──────── Listed entries

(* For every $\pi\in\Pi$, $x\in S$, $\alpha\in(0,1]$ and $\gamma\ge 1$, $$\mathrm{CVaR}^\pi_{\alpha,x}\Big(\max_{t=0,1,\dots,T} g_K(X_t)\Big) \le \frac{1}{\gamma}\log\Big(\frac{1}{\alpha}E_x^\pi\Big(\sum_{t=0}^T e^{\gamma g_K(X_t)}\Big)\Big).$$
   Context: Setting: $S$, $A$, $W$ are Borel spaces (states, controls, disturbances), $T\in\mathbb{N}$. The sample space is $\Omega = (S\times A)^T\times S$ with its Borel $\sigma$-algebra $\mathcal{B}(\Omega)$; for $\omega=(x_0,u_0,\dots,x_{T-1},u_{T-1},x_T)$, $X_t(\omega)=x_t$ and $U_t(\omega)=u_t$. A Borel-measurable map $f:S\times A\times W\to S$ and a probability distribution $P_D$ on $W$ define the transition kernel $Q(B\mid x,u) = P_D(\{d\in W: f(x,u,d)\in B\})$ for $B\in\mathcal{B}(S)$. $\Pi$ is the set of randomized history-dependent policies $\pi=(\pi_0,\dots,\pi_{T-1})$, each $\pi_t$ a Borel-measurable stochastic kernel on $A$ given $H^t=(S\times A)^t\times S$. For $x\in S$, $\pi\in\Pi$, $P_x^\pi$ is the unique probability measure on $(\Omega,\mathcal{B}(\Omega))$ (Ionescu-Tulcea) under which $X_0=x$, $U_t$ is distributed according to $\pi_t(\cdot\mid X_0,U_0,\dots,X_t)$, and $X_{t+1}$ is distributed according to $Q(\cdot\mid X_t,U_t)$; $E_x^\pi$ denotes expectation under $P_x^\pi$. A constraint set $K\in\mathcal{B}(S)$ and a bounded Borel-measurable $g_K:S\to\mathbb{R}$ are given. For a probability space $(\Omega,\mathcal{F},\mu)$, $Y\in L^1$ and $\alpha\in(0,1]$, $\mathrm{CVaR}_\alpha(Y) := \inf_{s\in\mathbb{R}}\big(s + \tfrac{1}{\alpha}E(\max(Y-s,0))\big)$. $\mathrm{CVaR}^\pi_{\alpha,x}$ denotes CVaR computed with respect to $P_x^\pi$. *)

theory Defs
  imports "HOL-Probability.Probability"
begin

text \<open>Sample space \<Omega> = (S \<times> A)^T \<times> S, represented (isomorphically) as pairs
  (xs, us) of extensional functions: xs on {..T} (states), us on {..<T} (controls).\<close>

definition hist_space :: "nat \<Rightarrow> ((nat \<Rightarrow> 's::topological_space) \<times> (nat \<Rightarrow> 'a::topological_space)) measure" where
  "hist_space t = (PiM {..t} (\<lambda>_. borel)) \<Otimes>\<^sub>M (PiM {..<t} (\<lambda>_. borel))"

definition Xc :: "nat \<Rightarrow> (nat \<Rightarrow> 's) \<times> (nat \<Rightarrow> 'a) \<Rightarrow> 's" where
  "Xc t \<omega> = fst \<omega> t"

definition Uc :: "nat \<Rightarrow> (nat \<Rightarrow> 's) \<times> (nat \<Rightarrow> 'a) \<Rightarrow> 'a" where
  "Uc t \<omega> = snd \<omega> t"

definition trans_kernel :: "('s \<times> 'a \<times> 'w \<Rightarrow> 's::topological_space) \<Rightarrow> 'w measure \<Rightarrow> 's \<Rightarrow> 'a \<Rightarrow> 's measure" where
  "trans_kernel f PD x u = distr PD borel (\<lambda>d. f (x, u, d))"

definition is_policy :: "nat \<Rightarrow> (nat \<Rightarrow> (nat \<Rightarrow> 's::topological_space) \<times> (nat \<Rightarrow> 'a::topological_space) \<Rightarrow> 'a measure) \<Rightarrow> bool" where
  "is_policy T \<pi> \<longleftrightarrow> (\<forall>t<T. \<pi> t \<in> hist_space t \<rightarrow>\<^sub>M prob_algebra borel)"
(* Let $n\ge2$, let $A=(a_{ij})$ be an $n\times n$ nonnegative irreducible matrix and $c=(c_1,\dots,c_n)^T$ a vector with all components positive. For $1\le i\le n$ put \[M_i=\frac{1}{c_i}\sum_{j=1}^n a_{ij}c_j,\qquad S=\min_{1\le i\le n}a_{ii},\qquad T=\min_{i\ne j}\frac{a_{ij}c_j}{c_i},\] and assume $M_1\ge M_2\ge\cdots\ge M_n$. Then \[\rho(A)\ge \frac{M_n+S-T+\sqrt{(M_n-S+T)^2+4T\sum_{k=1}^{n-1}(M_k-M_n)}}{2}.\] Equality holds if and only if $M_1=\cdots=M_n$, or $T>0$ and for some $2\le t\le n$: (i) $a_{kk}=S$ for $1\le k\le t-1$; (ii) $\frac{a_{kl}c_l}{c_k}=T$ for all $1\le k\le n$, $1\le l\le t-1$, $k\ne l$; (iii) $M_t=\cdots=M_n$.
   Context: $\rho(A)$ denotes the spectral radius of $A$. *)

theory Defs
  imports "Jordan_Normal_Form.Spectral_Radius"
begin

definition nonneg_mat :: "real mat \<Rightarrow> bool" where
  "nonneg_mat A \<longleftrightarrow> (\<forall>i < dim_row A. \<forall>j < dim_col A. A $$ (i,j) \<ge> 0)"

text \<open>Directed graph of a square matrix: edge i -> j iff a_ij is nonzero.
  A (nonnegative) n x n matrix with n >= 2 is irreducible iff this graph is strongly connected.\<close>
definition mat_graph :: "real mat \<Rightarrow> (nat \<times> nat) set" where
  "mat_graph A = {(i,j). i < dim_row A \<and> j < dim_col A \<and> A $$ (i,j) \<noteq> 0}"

────────────────

▸ About this exercise
Locate the word "real" in the records and collect each line it appears in.

▸ Response below
definition nonneg_mat :: "real mat \<Rightarrow> bool" where
definition mat_graph :: "real mat \<Rightarrow> (nat \<times> nat) set" where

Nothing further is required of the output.